** Supplied records follows **

lemma G1form_eq_sum_vsum:
  assumes a: "\<And>i. i \<in> {1..m} \<Longrightarrow> a i \<in> carrier_vec (n i)"
    and c: "\<And>i. i \<in> {1..m} \<Longrightarrow> c i \<in> carrier_vec (n i)"
  shows "G1form m A P \<rho> a c = (\<Sum>j\<in>{1..m-1}. a j \<bullet> (P j *\<^sub>v c j)
    - \<rho> * ((A j *\<^sub>v a j) \<bullet> vsum l (\<lambda>i. A i *\<^sub>v c i) ({1..m-1} - {j})))"
proof -
  have "(\<Sum>i\<in>{1..m-1}. if j = i then 0 else (A j *\<^sub>v a j) \<bullet> (A i *\<^sub>v c i))
      = (A j *\<^sub>v a j) \<bullet> vsum l (\<lambda>i. A i *\<^sub>v c i) ({1..m-1} - {j})" if j: "j \<in> {1..m-1}" for j
  proof -
    have Aa: "A j *\<^sub>v a j \<in> carrier_vec l" using j a by (intro A_mult_carrier) auto
    have Ac: "\<And>i. i \<in> {1..m-1} - {j} \<Longrightarrow> A i *\<^sub>v c i \<in> carrier_vec l"
      using c by (intro A_mult_carrier) auto
    have "(\<Sum>i\<in>{1..m-1}. if j = i then 0 else (A j *\<^sub>v a j) \<bullet> (A i *\<^sub>v c i))
        = (\<Sum>i\<in>{1..m-1} - {j}. (A j *\<^sub>v a j) \<bullet> (A i *\<^sub>v c i))"
      using j by (subst sum.remove[of _ j]) (auto intro!: sum.cong)
    also have "\<dots> = (A j *\<^sub>v a j) \<bullet> vsum l (\<lambda>i. A i *\<^sub>v c i) ({1..m-1} - {j})"
      using Aa Ac by (rule scalar_prod_vsum[symmetric])
    finally show ?thesis .
  qed
  then have double_sum: "(\<Sum>j\<in>{1..m-1}. \<Sum>i\<in>{1..m-1}. if j = i then 0 else (A j *\<^sub>v a j) \<bullet> (A i *\<^sub>v c i))
      = (\<Sum>j\<in>{1..m-1}. (A j *\<^sub>v a j) \<bullet> vsum l (\<lambda>i. A i *\<^sub>v c i) ({1..m-1} - {j}))"
    by (rule sum.cong[OF refl])
  show ?thesis
    unfolding G1form_def double_sum sum_subtractf sum_distrib_left ..
qed

lemma F_pairing_eq:
  assumes w: "block_vec w" and w': "block_vec w'" and b: "b \<in> carrier_vec l"
  shows "F_pairing m l A b w w'
    = (\<Sum>i\<in>{1..m}. snd w \<bullet> (A i *\<^sub>v fst w' i)) - (\<Sum>i\<in>{1..m}. snd w' \<bullet> (A i *\<^sub>v fst w i))
      - snd w \<bullet> b + snd w' \<bullet> b"
proof -
  have y: "snd w \<in> carrier_vec l" "snd w' \<in> carrier_vec l" using w w' by (auto simp: block_vec_def)
  have x: "(fst w i - fst w' i) \<bullet> (- ((A i)\<^sup>T *\<^sub>v snd w'))
      = snd w' \<bullet> (A i *\<^sub>v fst w' i) - snd w' \<bullet> (A i *\<^sub>v fst w i)" if i: "i \<in> {1..m}" for i
  proof -
    have x: "fst w i \<in> carrier_vec (n i)" "fst w' i \<in> carrier_vec (n i)"
      using w w' i by (auto simp: block_vec_def)
    have Ax: "A i *\<^sub>v fst w i \<in> carrier_vec l" "A i *\<^sub>v fst w' i \<in> carrier_vec l"
      using A_mult_carrier[OF i] x by auto
    have "(fst w i - fst w' i) \<bullet> ((A i)\<^sup>T *\<^sub>v snd w') = (A i *\<^sub>v (fst w i - fst w' i)) \<bullet> snd w'"
      using x y by (simp add: scalar_prod_transpose[OF A_carrier[OF i]])
    also have "\<dots> = snd w' \<bullet> (A i *\<^sub>v fst w i) - snd w' \<bullet> (A i *\<^sub>v fst w' i)"
      using Ax y by (simp add: mult_minus_distrib_mat_vec[OF A_carrier[OF i] x]
          minus_scalar_prod_distrib[OF Ax y(2)] comm_scalar_prod[of _ l "snd w'"])
    finally show ?thesis using x y A_carrier[OF i] by simp
  qed
  have xs: "(\<Sum>i\<in>{1..m}. (fst w i - fst w' i) \<bullet> (- ((A i)\<^sup>T *\<^sub>v snd w')))
      = (\<Sum>i\<in>{1..m}. snd w' \<bullet> (A i *\<^sub>v fst w' i)) - (\<Sum>i\<in>{1..m}. snd w' \<bullet> (A i *\<^sub>v fst w i))"
    unfolding sum_subtractf[symmetric] by (rule sum.cong) (simp_all add: x)
  have ys: "(snd w - snd w') \<bullet> (vsum l (\<lambda>i. A i *\<^sub>v fst w' i) {1..m} - b)
      = (\<Sum>i\<in>{1..m}. snd w \<bullet> (A i *\<^sub>v fst w' i)) - (\<Sum>i\<in>{1..m}. snd w' \<bullet> (A i *\<^sub>v fst w' i))
        - snd w \<bullet> b + snd w' \<bullet> b"
  proof -
    have Ax: "\<And>i. i \<in> {1..m} \<Longrightarrow> A i *\<^sub>v fst w' i \<in> carrier_vec l"
      using w' A_mult_carrier by (auto simp: block_vec_def)
    have V: "vsum l (\<lambda>i. A i *\<^sub>v fst w' i) {1..m} \<in> carrier_vec l" by simp
    have "v \<bullet> vsum l (\<lambda>i. A i *\<^sub>v fst w' i) {1..m} = (\<Sum>i\<in>{1..m}. v \<bullet> (A i *\<^sub>v fst w' i))"
      if "v \<in> carrier_vec l" for v
      using that Ax by (rule scalar_prod_vsum)
    note sums = this[OF y(1)] this[OF y(2)]
    show ?thesis
      unfolding minus_scalar_prod_distrib[OF y(1) y(2) minus_carrier_vec[OF V b]]
        scalar_prod_minus_distrib[OF y(1) V b] scalar_prod_minus_distrib[OF y(2) V b]
        sums
      by linarith
  qed
  show ?thesis
    unfolding F_pairing_def xs ys by linarith
qed

lemma F_pairing_antisym:
  assumes "block_vec w" "block_vec w'" "b \<in> carrier_vec l"
  shows "F_pairing m l A b w w' + F_pairing m l A b w' w = 0"
  using assms by (simp add: F_pairing_eq)

end

locale lgadmm = block_mats +
  fixes \<theta> :: "nat \<Rightarrow> real vec \<Rightarrow> real" and X :: "nat \<Rightarrow> real vec set" and b :: "real vec"
    and \<rho> \<gamma> :: real and x :: "nat \<Rightarrow> nat \<Rightarrow> real vec" and y ybar :: "nat \<Rightarrow> real vec"
  assumes conv_theta: "\<And>i. i \<in> {1..m} \<Longrightarrow> convex_vfun (n i) (\<theta> i)"
    and X_convex: "\<And>i. i \<in> {1..m} \<Longrightarrow> convex_vset (n i) (X i)"
    and P_sym: "\<And>i. i \<in> {1..m} \<Longrightarrow> (P i)\<^sup>T = P i"
    and b_carrier: "b \<in> carrier_vec l"
    and rho_nonzero: "\<rho> \<noteq> 0"
    and x_in_X: "\<And>k i. i \<in> {1..m} \<Longrightarrow> x k i \<in> X i"
    and y0_carrier: "y 0 \<in> carrier_vec l"
    and step_j_min: "\<And>k j z. j \<in> {1..m-1} \<Longrightarrow> z \<in> X j \<Longrightarrow>
        \<theta> j (x (Suc k) j)
          + \<rho> / 2 * sqn (A j *\<^sub>v x (Suc k) j + vsum l (\<lambda>i. A i *\<^sub>v x k i) ({1..m} - {j})
                         - b - (1 / \<rho>) \<cdot>\<^sub>v y k)
          + 1 / 2 * ((x (Suc k) j - x k j) \<bullet> (P j *\<^sub>v (x (Suc k) j - x k j)))
        \<le> \<theta> j z
          + \<rho> / 2 * sqn (A j *\<^sub>v z + vsum l (\<lambda>i. A i *\<^sub>v x k i) ({1..m} - {j})
                         - b - (1 / \<rho>) \<cdot>\<^sub>v y k)
          + 1 / 2 * ((z - x k j) \<bullet> (P j *\<^sub>v (z - x k j)))"
    and step_m_min: "\<And>k z. z \<in> X m \<Longrightarrow>
        \<theta> m (x (Suc k) m)
          + \<rho> / 2 * sqn (\<gamma> \<cdot>\<^sub>v vsum l (\<lambda>i. A i *\<^sub>v x (Suc k) i) {1..m-1}
                         + (1 - \<gamma>) \<cdot>\<^sub>v (b - A m *\<^sub>v x k m)
                         + A m *\<^sub>v x (Suc k) m - b - (1 / \<rho>) \<cdot>\<^sub>v y k)
          + 1 / 2 * ((x (Suc k) m - x k m) \<bullet> (P m *\<^sub>v (x (Suc k) m - x k m)))
        \<le> \<theta> m z
          + \<rho> / 2 * sqn (\<gamma> \<cdot>\<^sub>v vsum l (\<lambda>i. A i *\<^sub>v x (Suc k) i) {1..m-1}
                         + (1 - \<gamma>) \<cdot>\<^sub>v (b - A m *\<^sub>v x k m)
                         + A m *\<^sub>v z - b - (1 / \<rho>) \<cdot>\<^sub>v y k)
          + 1 / 2 * ((z - x k m) \<bullet> (P m *\<^sub>v (z - x k m)))"
    and step_y: "\<And>k. y (Suc k) = y k - \<rho> \<cdot>\<^sub>v (\<gamma> \<cdot>\<^sub>v vsum l (\<lambda>i. A i *\<^sub>v x (Suc k) i) {1..m-1}
                         + (1 - \<gamma>) \<cdot>\<^sub>v (b - A m *\<^sub>v x k m) + A m *\<^sub>v x (Suc k) m - b)"
    and ybar_eq: "\<And>k. ybar k = y k - \<rho> \<cdot>\<^sub>v (vsum l (\<lambda>i. A i *\<^sub>v x (Suc k) i) {1..m-1}
                         + A m *\<^sub>v x k m - b)"
begin

lemma m_mem: "m \<in> {1..m}"
  using m_pos by simp

lemma X_carrier: "i \<in> {1..m} \<Longrightarrow> X i \<subseteq> carrier_vec (n i)"
  using X_convex by (simp add: convex_vset_def)

lemma x_carrier: "i \<in> {1..m} \<Longrightarrow> x k i \<in> carrier_vec (n i)"
  using x_in_X X_carrier by blast

lemma Ax_carrier: "i \<in> {1..m} \<Longrightarrow> A i *\<^sub>v x k i \<in> carrier_vec l"
  by (intro A_mult_carrier x_carrier)

lemma y_carrier: "y k \<in> carrier_vec l"
proof (induction k)
  case 0 show ?case by (rule y0_carrier)
next
  case (Suc k)
  with Ax_carrier[OF m_mem] b_carrier show ?case by (simp add: step_y)
qed

lemma ybar_carrier: "ybar k \<in> carrier_vec l"
  using y_carrier Ax_carrier[OF m_mem] b_carrier by (simp add: ybar_eq)

lemma dim_simps [simp]:
  "dim_vec (y k) = l" "dim_vec (ybar k) = l" "dim_vec b = l" "dim_row (A m) = l"
  using y_carrier ybar_carrier b_carrier A_carrier[OF m_mem] by auto

lemma index_ybar:
  "r < l \<Longrightarrow> ybar k $ r = y k $ r - \<rho> * ((\<Sum>i\<in>{1..m-1}. (A i *\<^sub>v x (Suc k) i) $ r) + (A m *\<^sub>v x k m) $ r - b $ r)"
  by (simp add: ybar_eq del: index_mult_mat_vec)

lemma index_A_diff:
  assumes r: "r < l" and i: "i \<in> {1..m}"
  shows "(A i *\<^sub>v (x s i - x t i)) $ r = (A i *\<^sub>v x s i) $ r - (A i *\<^sub>v x t i) $ r"
proof -
  have "A i *\<^sub>v (x s i - x t i) = A i *\<^sub>v x s i - A i *\<^sub>v x t i"
    by (rule mult_minus_distrib_mat_vec[OF A_carrier[OF i] x_carrier[OF i] x_carrier[OF i]])
  then show ?thesis using r A_carrier[OF i] by (simp del: index_mult_mat_vec)
qed

lemma sum_upto_m_split: "(\<Sum>i\<in>{1..m}. f i) = (\<Sum>i\<in>{1..m-1}. f i) + (f m :: real)"
proof -
  have "{1..m} = insert m {1..m-1}" using m_pos by auto
  then show ?thesis using m_pos by (simp add: add.commute)
qed

lemma sum_upto_m_minus_split:
  assumes "j \<in> {1..m-1}"
  shows "(\<Sum>i\<in>{1..m}-{j}. f i) = (\<Sum>i\<in>{1..m-1}-{j}. f i) + (f m :: real)"
proof -
  have "{1..m}-{j} = insert m ({1..m-1}-{j})" "m \<notin> {1..m-1}-{j}" using assms m_pos by auto
  then show ?thesis by (simp add: add.commute)
qed

lemma sum_upto_pred_m_remove:
  assumes "j \<in> {1..m-1}"
  shows "(\<Sum>i\<in>{1..m-1}. f i) = f j + (\<Sum>i\<in>{1..m-1}-{j}. (f i :: real))"
  using assms by (simp add: sum.remove)

lemma multiplier_residual:
  "vsum l (\<lambda>i. A i *\<^sub>v x (Suc k) i) {1..m} - b
    = (1 / \<rho>) \<cdot>\<^sub>v (y k - ybar k) - A m *\<^sub>v (x k m - x (Suc k) m)"
proof (rule eq_vecI)
  fix r assume "r < dim_vec ((1 / \<rho>) \<cdot>\<^sub>v (y k - ybar k) - A m *\<^sub>v (x k m - x (Suc k) m))"
  then have r: "r < l" by simp
  then show "(vsum l (\<lambda>i. A i *\<^sub>v x (Suc k) i) {1..m} - b) $ r
      = ((1 / \<rho>) \<cdot>\<^sub>v (y k - ybar k) - A m *\<^sub>v (x k m - x (Suc k) m)) $ r"
    using rho_nonzero sum_upto_m_split[of "\<lambda>i. (A i *\<^sub>v x (Suc k) i) $ r"]
    by (simp add: index_ybar index_A_diff[OF r m_mem] field_simps del: index_mult_mat_vec)
qed simp

definition subproblem_shift :: "nat \<Rightarrow> nat \<Rightarrow> real vec" where
  "subproblem_shift k j = vsum l (\<lambda>i. A i *\<^sub>v x k i) ({1..m} - {j}) - b - (1 / \<rho>) \<cdot>\<^sub>v y k"

definition subproblem_shift_m :: "nat \<Rightarrow> real vec" where
  "subproblem_shift_m k = \<gamma> \<cdot>\<^sub>v vsum l (\<lambda>i. A i *\<^sub>v x (Suc k) i) {1..m-1} + (1 - \<gamma>) \<cdot>\<^sub>v (b - A m *\<^sub>v x k m)
    - b - (1 / \<rho>) \<cdot>\<^sub>v y k"

lemma subproblem_shift_carrier: "subproblem_shift k j \<in> carrier_vec l" "subproblem_shift_m k \<in> carrier_vec l"
  using y_carrier b_carrier Ax_carrier[OF m_mem] by (simp_all add: subproblem_shift_def subproblem_shift_m_def)

(* Through ybar^k the gradient of the augmented term becomes -ybar^k plus the coupling terms;
   this is where the blocks of Q come from. *)
lemma scaled_subproblem_residual:
  assumes j: "j \<in> {1..m-1}"
  shows "\<rho> \<cdot>\<^sub>v (A j *\<^sub>v x (Suc k) j + subproblem_shift k j)
    = \<rho> \<cdot>\<^sub>v vsum l (\<lambda>i. A i *\<^sub>v (x k i - x (Suc k) i)) ({1..m-1} - {j}) - ybar k"
proof (rule eq_vecI)
  fix r assume "r < dim_vec (\<rho> \<cdot>\<^sub>v vsum l (\<lambda>i. A i *\<^sub>v (x k i - x (Suc k) i)) ({1..m-1} - {j}) - ybar k)"
  then have r: "r < l" by simp
  define a where "a t i = (A i *\<^sub>v x t i) $ r" for t i
  have a: "(A i *\<^sub>v x t i) $ r = a t i" for t i by (simp add: a_def)
  have jm: "j \<in> {1..m}" using j by auto
  have lhs: "(\<rho> \<cdot>\<^sub>v (A j *\<^sub>v x (Suc k) j + subproblem_shift k j)) $ r
      = \<rho> * ((A j *\<^sub>v x (Suc k) j) $ r + (\<Sum>i\<in>{1..m}-{j}. (A i *\<^sub>v x k i) $ r) - b $ r) - y k $ r"
    using r jm rho_nonzero by (simp add: subproblem_shift_def algebra_simps del: index_mult_mat_vec)
  have "(\<Sum>i\<in>{1..m-1}-{j}. (A i *\<^sub>v (x k i - x (Suc k) i)) $ r) = (\<Sum>i\<in>{1..m-1}-{j}. a k i - a (Suc k) i)"
  proof (intro sum.cong refl)
    fix i assume "i \<in> {1..m-1}-{j}"
    then have "i \<in> {1..m}" by auto
    then show "(A i *\<^sub>v (x k i - x (Suc k) i)) $ r = a k i - a (Suc k) i"
      by (simp add: index_A_diff[OF r] a del: index_mult_mat_vec)
  qed
  then have rhs: "(\<rho> \<cdot>\<^sub>v vsum l (\<lambda>i. A i *\<^sub>v (x k i - x (Suc k) i)) ({1..m-1} - {j}) - ybar k) $ r
      = \<rho> * (\<Sum>i\<in>{1..m-1}-{j}. a k i - a (Suc k) i) - ybar k $ r"
    using r by simp
  show "(\<rho> \<cdot>\<^sub>v (A j *\<^sub>v x (Suc k) j + subproblem_shift k j)) $ r
      = (\<rho> \<cdot>\<^sub>v vsum l (\<lambda>i. A i *\<^sub>v (x k i - x (Suc k) i)) ({1..m-1} - {j}) - ybar k) $ r"
    unfolding lhs rhs index_ybar[OF r] a sum_upto_m_minus_split[OF j] sum_upto_pred_m_remove[OF j] sum_subtractf
    by (simp add: algebra_simps)
qed (use j in \<open>simp add: subproblem_shift_def\<close>)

** End of Supplied records **

- _To do_
Each line with the word "refl" in the records above belongs in the result; copy all of them.

- _Task result_
    by (rule sum.cong[OF refl])
  proof (intro sum.cong refl)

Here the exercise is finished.